Fishing Bait Tips
- When fishing with live bait fish like minnows, consider using oxygen tablets especially if you’ll be gone for some time. While bait fish will work if dead, live bait fish does a better job of getting a fish’s attention and landing a good lunker.
- Bass love live bait and can be best caught with crayfish and worms. However, the following baits are also recommended bass table fair: golden shiner, fathead minnow, bluntnose minnows, creek chud, gizzard shad, sucker, dace and madtom.
- Healthy minnows swim together and towards the bottom of the tank while healthy worms are kept in cool to warm conditions. If keeping them for some time, feed them with margarine, coffee grounds, lettuce and room temperature conditions.
- When a major or sustained rainstorm is about to arrive, take sheets of Styrofoam and place them on the ground with rocks on the corners to hold it down. Once rain has stopped, pick it up the Styrofoam and harvest the worms.
- The best worm to use for catching bass is the ever present and popular night crawler between 7 inches and 10 inches. These are readily purchased or can be caught on warm, moist summer nights as they crawl the ground.
- Worms can be kept fresh in a number of ways. Fill a simple 39-ounce coffee tin with newspaper to a few inches from the top. You should be able to place 40 worms in there and they’ll keep well for several weeks when placed in a fridge.
- Many use grasshoppers and crickets for fishing and some use them for catching bass. However these will prove ineffective when catching bass. The best live bait for catching bass are minnows, crayfish and worms: both plastic and live worms.

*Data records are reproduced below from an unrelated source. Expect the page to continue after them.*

lemma SUP_cost_integrand_approx:
  fixes a v1 v2 t :: real and \<Phi> :: "real set"
  assumes \<Phi>: "\<Phi> \<noteq> {}" and a: "\<bar>a\<bar> < 1" and b: "\<bar>a + 2 * v1 * t\<bar> \<le> 1" and t: "0 < t" "t \<le> 1"
  defines "m \<equiv> sqrt (1 - \<bar>a\<bar>)"
    and "A \<equiv> 2 * \<bar>v1\<bar> + \<bar>v2\<bar>" and "K \<equiv> v2\<^sup>2 + 2 * \<bar>v1\<bar> * \<bar>v2\<bar>"
  shows "\<bar>(SUP \<phi>\<in>\<Phi>. (1/4) * (sqrt (1 + a * cos \<phi>) - sqrt (1 + (a + 2 * v1 * t) * cos (v2 * t + \<phi>)))\<^sup>2)
           - (SUP \<phi>\<in>\<Phi>. (2 * v1 * cos \<phi> - a * v2 * sin \<phi>)\<^sup>2 / (16 * (1 + a * cos \<phi>))) * t\<^sup>2\<bar>
         \<le> (K / m + A * (K + A) / (2 * m^3)) * ((K + A) / m + A / (2 * m)) / 4 * t^3"
proof (rule abs_SUP_diff_scaled_le[OF \<Phi>])
  show "bdd_above ((\<lambda>\<phi>. (2 * v1 * cos \<phi> - a * v2 * sin \<phi>)\<^sup>2 / (16 * (1 + a * cos \<phi>))) ` \<Phi>)"
    by (rule bdd_aboveI2) (rule linearized_integrand_le[OF a])
  show "0 < t\<^sup>2" using t by simp
  show "\<bar>(1/4) * (sqrt (1 + a * cos \<phi>) - sqrt (1 + (a + 2 * v1 * t) * cos (v2 * t + \<phi>)))\<^sup>2
          - (2 * v1 * cos \<phi> - a * v2 * sin \<phi>)\<^sup>2 / (16 * (1 + a * cos \<phi>)) * t\<^sup>2\<bar>
        \<le> (K / m + A * (K + A) / (2 * m^3)) * ((K + A) / m + A / (2 * m)) / 4 * t^3" for \<phi>
    unfolding m_def A_def K_def using t by (intro cost_integrand_approx[OF a b]) simp_all
qed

- Frogs are excellent bait used for catching largemouth bass, but only live frogs are worth the effort. Most plastic frogs have the hook placed in a way that make it very difficult for you to catch a bass with them. Tadpoles also work well.
- Salamanders are excellent at catching largemouth bass. While there are many salamander varieties, consider mole, giant and dog as the most popular at catching largemouth. Salamanders also store for a long time with little care required.
- Leeches are easily kept for long periods of time. As many as a pound can be kept in a container that is 12 inches square with fresh water and kept in the fridge. Clean the container every week. They don’t need food and keep the fridge around 45F.
- To avoid touching a leech, place a rock in the bottom of the container. Lift the rock and apply the hook to the underside of the leech right behind the sucker. If you get a leech stuck on you, it can be removed with beer or rubbing garlic on it.
- Wax worms, goldenrod grubs, meal worms, maggots, insects and wood borers along with worms and crayfish are used to catch bass and many other popular freshwater game fish. However, night crawlers and plastic worms work well and are easy to catch.
- Crayfish are a cornerstone of any smallmouth or largemouth bass’ diet. They can be found at any bait store or can be caught using simple traps, also found at a bait store. There are also many lures with different color patterns that also work well.
- To catch crayfish, place a net in the water behind it so they can’t get away as they can swim fast. Once you have them, keep them by storing them in a container like a standard sized bucket with grass and aquatic leaves.
- Catching night crawlers is an exercise in stealth. While they appear slow out of the hole, while partly in, they can retreat very fast. Walk slowly and softly and use a low light flashlight. Grab them with your thumb and index finger and pull slowly.